## REQUIREMENT
Could you report every line from the entries that includes the word "union"?

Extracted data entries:
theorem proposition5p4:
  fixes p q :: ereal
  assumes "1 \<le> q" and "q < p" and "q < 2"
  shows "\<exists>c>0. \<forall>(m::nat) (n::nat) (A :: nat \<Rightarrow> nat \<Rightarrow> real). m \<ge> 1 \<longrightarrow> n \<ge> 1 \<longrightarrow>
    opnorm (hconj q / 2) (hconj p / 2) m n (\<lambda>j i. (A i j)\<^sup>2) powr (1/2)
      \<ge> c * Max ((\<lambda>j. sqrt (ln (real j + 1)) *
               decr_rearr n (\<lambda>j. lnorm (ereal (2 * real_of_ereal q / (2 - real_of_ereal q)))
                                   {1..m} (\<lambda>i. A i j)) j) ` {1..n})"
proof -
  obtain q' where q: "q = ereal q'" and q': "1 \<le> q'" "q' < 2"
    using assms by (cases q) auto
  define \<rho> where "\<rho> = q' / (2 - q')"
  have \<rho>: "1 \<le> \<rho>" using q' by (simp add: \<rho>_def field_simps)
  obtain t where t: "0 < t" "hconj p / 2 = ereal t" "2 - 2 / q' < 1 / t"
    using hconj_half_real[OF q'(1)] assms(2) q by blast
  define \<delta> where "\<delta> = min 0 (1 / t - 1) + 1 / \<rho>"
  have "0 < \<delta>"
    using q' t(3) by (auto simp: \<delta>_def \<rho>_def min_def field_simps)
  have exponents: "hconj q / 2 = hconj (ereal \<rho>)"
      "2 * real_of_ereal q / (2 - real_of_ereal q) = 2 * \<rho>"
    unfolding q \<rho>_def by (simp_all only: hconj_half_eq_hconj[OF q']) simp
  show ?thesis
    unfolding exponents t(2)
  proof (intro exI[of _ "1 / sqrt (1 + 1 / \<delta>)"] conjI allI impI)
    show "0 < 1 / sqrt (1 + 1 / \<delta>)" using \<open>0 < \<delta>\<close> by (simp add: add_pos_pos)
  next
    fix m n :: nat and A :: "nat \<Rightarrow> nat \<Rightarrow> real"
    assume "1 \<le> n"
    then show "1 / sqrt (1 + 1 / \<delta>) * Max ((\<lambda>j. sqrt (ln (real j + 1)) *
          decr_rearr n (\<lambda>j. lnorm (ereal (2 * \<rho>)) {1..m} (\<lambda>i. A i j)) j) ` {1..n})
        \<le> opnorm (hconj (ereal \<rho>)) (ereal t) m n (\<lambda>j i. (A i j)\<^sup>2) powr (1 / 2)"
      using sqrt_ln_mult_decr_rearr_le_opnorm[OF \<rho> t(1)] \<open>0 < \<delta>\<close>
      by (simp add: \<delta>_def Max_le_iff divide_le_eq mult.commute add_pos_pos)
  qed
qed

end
--
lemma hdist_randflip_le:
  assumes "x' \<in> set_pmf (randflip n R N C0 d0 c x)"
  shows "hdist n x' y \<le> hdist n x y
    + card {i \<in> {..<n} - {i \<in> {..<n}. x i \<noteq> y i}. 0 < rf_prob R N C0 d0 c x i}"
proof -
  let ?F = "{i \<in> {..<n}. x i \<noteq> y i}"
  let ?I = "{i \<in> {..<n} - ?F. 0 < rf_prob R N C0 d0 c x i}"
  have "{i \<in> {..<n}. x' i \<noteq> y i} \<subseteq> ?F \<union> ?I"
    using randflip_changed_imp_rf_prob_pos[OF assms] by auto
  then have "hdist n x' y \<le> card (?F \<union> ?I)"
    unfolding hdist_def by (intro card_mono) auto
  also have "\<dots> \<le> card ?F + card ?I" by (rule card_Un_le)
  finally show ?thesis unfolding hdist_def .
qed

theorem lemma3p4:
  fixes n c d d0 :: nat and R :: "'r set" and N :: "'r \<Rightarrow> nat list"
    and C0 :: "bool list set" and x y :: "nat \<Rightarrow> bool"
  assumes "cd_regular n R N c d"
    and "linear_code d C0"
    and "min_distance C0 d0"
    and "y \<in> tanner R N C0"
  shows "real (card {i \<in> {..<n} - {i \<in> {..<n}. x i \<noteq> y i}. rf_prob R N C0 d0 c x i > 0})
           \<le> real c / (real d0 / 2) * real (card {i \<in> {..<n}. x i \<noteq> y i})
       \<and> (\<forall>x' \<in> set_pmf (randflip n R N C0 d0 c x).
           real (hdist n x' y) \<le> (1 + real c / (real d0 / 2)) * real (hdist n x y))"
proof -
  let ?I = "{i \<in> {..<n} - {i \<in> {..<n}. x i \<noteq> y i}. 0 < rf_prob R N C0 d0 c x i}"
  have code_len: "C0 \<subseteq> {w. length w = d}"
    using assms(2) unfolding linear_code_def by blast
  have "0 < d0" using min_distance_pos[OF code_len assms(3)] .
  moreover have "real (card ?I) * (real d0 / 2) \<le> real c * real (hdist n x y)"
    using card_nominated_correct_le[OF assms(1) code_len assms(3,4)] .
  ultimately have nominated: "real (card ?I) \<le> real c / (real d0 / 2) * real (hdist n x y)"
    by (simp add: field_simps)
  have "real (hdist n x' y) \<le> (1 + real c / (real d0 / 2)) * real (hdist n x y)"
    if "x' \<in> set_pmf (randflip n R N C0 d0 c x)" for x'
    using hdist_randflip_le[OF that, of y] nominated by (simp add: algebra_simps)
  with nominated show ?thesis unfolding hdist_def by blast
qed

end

## EXERCISE OUTPUT
  have "{i \<in> {..<n}. x' i \<noteq> y i} \<subseteq> ?F \<union> ?I"
  then have "hdist n x' y \<le> card (?F \<union> ?I)"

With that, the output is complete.